YOUR ASSIGNMENT> The entries below contain a line with "adj (star n) 0" and a line with "using bij that unfolding g_def". Quote exactly those two lines and all lines between them.

(Entries taken from a collection)
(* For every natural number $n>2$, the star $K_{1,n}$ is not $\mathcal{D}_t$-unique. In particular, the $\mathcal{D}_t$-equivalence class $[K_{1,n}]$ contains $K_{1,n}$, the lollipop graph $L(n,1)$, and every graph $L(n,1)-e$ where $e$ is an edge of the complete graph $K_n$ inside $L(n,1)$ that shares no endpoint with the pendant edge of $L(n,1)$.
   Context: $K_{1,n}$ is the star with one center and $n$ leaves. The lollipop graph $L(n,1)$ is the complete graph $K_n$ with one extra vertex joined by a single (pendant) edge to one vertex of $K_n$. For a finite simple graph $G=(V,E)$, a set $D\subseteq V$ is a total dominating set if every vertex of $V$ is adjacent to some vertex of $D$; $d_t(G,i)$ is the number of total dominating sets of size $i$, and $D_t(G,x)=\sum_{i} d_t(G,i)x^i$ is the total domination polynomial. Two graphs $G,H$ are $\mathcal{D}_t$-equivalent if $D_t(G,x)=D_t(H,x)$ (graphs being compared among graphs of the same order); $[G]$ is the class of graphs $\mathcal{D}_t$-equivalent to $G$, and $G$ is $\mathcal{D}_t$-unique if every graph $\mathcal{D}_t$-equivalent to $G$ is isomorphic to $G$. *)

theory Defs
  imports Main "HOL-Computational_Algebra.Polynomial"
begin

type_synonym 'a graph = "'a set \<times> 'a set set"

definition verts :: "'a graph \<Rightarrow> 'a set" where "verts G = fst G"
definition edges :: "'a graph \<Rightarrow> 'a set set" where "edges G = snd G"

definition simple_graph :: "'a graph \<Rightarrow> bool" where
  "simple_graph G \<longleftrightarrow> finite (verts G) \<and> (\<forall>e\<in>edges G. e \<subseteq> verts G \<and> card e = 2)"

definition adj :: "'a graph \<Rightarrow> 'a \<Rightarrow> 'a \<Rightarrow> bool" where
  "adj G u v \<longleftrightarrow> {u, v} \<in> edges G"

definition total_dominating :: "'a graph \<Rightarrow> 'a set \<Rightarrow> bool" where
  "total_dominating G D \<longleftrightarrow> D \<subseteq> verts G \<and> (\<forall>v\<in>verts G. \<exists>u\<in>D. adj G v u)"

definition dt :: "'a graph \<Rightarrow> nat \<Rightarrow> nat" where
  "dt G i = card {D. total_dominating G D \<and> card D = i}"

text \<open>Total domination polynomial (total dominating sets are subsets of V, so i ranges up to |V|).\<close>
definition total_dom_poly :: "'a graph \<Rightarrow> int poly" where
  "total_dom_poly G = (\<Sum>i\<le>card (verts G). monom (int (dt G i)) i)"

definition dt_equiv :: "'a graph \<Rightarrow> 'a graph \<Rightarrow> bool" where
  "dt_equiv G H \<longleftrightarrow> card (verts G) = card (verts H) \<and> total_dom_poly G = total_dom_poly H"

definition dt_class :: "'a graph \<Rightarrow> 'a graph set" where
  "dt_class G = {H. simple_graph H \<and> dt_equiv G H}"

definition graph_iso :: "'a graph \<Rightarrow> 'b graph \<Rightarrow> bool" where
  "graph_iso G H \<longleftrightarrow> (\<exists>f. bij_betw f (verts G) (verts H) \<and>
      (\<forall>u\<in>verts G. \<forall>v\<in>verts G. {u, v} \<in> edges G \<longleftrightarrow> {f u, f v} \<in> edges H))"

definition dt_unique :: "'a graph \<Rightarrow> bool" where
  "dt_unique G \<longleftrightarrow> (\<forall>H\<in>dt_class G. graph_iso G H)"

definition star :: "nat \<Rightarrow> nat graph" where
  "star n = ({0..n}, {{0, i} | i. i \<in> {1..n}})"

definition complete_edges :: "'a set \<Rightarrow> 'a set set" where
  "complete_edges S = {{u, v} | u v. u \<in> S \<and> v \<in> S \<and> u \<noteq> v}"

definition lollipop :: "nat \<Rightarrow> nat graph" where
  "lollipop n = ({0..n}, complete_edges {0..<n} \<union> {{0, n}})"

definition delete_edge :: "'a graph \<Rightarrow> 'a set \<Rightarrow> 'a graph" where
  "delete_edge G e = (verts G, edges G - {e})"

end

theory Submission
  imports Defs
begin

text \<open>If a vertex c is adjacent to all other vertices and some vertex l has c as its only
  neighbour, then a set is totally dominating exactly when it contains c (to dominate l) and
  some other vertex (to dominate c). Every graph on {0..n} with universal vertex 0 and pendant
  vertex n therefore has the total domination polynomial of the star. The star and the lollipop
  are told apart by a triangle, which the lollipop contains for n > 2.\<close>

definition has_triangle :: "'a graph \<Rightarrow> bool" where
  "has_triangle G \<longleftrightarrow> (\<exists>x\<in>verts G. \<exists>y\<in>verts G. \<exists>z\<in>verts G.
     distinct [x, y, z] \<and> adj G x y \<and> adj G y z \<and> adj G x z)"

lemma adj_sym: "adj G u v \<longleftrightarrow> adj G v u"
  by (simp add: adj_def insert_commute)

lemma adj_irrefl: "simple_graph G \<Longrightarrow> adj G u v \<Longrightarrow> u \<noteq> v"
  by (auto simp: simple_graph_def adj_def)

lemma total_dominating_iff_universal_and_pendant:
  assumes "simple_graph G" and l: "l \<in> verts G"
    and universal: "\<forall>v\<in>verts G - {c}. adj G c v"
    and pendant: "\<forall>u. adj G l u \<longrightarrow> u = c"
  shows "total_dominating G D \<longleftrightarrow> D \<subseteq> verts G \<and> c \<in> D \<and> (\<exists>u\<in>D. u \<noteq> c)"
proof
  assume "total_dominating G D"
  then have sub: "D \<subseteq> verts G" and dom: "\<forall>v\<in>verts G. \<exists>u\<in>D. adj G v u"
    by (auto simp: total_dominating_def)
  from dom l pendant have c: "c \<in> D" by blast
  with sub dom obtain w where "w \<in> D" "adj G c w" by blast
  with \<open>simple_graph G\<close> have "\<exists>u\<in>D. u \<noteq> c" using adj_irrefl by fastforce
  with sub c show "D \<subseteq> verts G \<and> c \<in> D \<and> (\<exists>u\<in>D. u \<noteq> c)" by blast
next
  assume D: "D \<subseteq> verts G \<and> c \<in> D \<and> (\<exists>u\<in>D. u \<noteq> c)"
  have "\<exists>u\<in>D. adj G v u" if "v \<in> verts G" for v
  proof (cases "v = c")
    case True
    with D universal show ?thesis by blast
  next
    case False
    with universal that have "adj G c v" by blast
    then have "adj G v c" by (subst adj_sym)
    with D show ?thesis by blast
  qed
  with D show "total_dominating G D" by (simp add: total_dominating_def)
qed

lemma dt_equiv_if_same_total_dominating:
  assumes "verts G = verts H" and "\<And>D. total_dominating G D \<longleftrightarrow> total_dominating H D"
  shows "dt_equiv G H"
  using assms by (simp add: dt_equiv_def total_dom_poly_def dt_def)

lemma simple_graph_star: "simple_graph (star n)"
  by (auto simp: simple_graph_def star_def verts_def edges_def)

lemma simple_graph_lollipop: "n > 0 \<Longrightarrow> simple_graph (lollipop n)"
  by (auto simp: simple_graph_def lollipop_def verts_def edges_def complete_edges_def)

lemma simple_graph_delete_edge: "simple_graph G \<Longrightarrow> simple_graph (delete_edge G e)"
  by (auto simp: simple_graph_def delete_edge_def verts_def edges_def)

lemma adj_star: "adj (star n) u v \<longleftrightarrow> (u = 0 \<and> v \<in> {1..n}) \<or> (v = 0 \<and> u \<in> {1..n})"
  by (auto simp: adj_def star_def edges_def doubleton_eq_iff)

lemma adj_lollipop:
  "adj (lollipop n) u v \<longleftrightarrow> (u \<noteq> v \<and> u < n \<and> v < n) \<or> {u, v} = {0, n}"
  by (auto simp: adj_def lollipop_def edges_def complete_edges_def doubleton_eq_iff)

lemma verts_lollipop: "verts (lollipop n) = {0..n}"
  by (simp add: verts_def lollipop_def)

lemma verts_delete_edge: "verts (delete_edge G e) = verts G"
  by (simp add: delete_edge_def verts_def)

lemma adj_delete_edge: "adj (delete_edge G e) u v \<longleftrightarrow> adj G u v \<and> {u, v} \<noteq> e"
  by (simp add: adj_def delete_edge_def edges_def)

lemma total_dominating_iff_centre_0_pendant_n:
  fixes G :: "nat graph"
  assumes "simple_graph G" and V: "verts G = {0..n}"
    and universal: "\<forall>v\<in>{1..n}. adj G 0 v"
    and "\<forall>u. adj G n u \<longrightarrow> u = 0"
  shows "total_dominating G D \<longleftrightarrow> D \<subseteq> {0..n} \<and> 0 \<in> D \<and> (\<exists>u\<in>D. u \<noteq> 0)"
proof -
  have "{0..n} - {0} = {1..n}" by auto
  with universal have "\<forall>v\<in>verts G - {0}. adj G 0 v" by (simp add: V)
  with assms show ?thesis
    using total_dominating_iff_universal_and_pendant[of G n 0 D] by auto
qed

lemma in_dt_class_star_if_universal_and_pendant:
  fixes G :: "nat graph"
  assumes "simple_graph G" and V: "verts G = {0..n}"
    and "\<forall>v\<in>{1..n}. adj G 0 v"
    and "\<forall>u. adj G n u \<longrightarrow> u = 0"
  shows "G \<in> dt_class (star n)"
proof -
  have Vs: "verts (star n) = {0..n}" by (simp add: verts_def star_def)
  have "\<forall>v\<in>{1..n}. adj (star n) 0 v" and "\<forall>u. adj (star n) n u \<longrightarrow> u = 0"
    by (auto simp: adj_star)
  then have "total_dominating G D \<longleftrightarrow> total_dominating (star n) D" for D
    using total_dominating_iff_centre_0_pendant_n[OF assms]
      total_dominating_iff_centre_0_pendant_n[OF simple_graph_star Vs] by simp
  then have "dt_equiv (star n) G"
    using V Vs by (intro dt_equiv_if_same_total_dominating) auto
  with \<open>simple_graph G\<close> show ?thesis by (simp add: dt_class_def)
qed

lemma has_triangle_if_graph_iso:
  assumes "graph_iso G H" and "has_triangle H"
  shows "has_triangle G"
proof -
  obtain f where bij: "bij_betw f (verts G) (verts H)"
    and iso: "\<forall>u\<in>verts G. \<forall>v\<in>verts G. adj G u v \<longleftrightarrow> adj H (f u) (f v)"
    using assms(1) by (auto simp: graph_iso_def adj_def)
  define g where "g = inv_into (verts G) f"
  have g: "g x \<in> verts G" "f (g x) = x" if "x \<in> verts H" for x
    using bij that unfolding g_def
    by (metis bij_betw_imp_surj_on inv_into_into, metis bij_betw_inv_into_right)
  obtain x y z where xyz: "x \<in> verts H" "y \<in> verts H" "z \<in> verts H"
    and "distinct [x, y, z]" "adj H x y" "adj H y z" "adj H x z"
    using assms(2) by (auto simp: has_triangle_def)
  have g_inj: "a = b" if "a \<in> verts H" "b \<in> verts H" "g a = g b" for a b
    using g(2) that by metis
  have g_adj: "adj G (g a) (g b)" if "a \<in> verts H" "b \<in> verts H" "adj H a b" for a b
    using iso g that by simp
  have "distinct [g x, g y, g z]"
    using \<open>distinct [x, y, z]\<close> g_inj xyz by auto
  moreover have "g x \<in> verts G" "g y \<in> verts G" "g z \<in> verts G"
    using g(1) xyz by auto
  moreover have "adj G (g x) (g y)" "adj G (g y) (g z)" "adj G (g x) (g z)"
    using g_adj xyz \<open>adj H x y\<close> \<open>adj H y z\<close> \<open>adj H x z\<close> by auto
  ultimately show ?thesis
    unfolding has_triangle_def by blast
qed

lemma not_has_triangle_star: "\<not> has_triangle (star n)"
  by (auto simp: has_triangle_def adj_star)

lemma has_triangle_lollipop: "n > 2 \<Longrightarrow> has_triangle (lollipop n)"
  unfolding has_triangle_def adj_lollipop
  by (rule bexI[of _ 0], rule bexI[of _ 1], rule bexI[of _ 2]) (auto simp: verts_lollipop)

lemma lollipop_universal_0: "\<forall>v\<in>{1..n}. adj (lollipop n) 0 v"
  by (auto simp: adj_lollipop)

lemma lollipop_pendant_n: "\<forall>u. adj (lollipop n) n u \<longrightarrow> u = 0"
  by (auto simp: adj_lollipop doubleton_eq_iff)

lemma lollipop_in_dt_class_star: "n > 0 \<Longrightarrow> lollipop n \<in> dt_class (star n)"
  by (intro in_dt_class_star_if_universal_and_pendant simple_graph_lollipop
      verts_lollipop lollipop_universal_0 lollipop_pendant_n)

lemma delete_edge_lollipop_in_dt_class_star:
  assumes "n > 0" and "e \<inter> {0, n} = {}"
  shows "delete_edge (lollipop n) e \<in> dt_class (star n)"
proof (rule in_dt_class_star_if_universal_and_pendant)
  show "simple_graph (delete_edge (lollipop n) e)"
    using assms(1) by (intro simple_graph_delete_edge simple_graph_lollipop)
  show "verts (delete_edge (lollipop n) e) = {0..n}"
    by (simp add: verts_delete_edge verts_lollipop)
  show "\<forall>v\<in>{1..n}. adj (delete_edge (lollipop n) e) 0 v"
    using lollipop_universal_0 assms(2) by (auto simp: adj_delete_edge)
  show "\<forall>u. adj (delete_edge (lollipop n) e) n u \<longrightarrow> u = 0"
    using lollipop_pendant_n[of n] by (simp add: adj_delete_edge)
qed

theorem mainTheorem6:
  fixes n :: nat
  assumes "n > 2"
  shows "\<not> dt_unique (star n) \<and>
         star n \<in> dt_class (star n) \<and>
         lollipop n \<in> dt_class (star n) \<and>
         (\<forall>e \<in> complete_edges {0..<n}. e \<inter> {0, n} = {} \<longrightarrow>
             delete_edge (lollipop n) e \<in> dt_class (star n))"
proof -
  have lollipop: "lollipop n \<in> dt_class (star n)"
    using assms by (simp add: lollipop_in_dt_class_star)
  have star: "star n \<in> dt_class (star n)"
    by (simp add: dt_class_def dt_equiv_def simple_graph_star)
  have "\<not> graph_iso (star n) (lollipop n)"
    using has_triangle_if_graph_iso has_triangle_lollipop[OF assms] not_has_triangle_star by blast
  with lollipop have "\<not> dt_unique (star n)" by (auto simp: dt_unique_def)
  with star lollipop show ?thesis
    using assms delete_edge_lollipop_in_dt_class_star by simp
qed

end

RESULT OF THE EXERCISE>
  have "\<forall>v\<in>{1..n}. adj (star n) 0 v" and "\<forall>u. adj (star n) n u \<longrightarrow> u = 0"
    by (auto simp: adj_star)
  then have "total_dominating G D \<longleftrightarrow> total_dominating (star n) D" for D
    using total_dominating_iff_centre_0_pendant_n[OF assms]
      total_dominating_iff_centre_0_pendant_n[OF simple_graph_star Vs] by simp
  then have "dt_equiv (star n) G"
    using V Vs by (intro dt_equiv_if_same_total_dominating) auto
  with \<open>simple_graph G\<close> show ?thesis by (simp add: dt_class_def)
qed

lemma has_triangle_if_graph_iso:
  assumes "graph_iso G H" and "has_triangle H"
  shows "has_triangle G"
proof -
  obtain f where bij: "bij_betw f (verts G) (verts H)"
    and iso: "\<forall>u\<in>verts G. \<forall>v\<in>verts G. adj G u v \<longleftrightarrow> adj H (f u) (f v)"
    using assms(1) by (auto simp: graph_iso_def adj_def)
  define g where "g = inv_into (verts G) f"
  have g: "g x \<in> verts G" "f (g x) = x" if "x \<in> verts H" for x
    using bij that unfolding g_def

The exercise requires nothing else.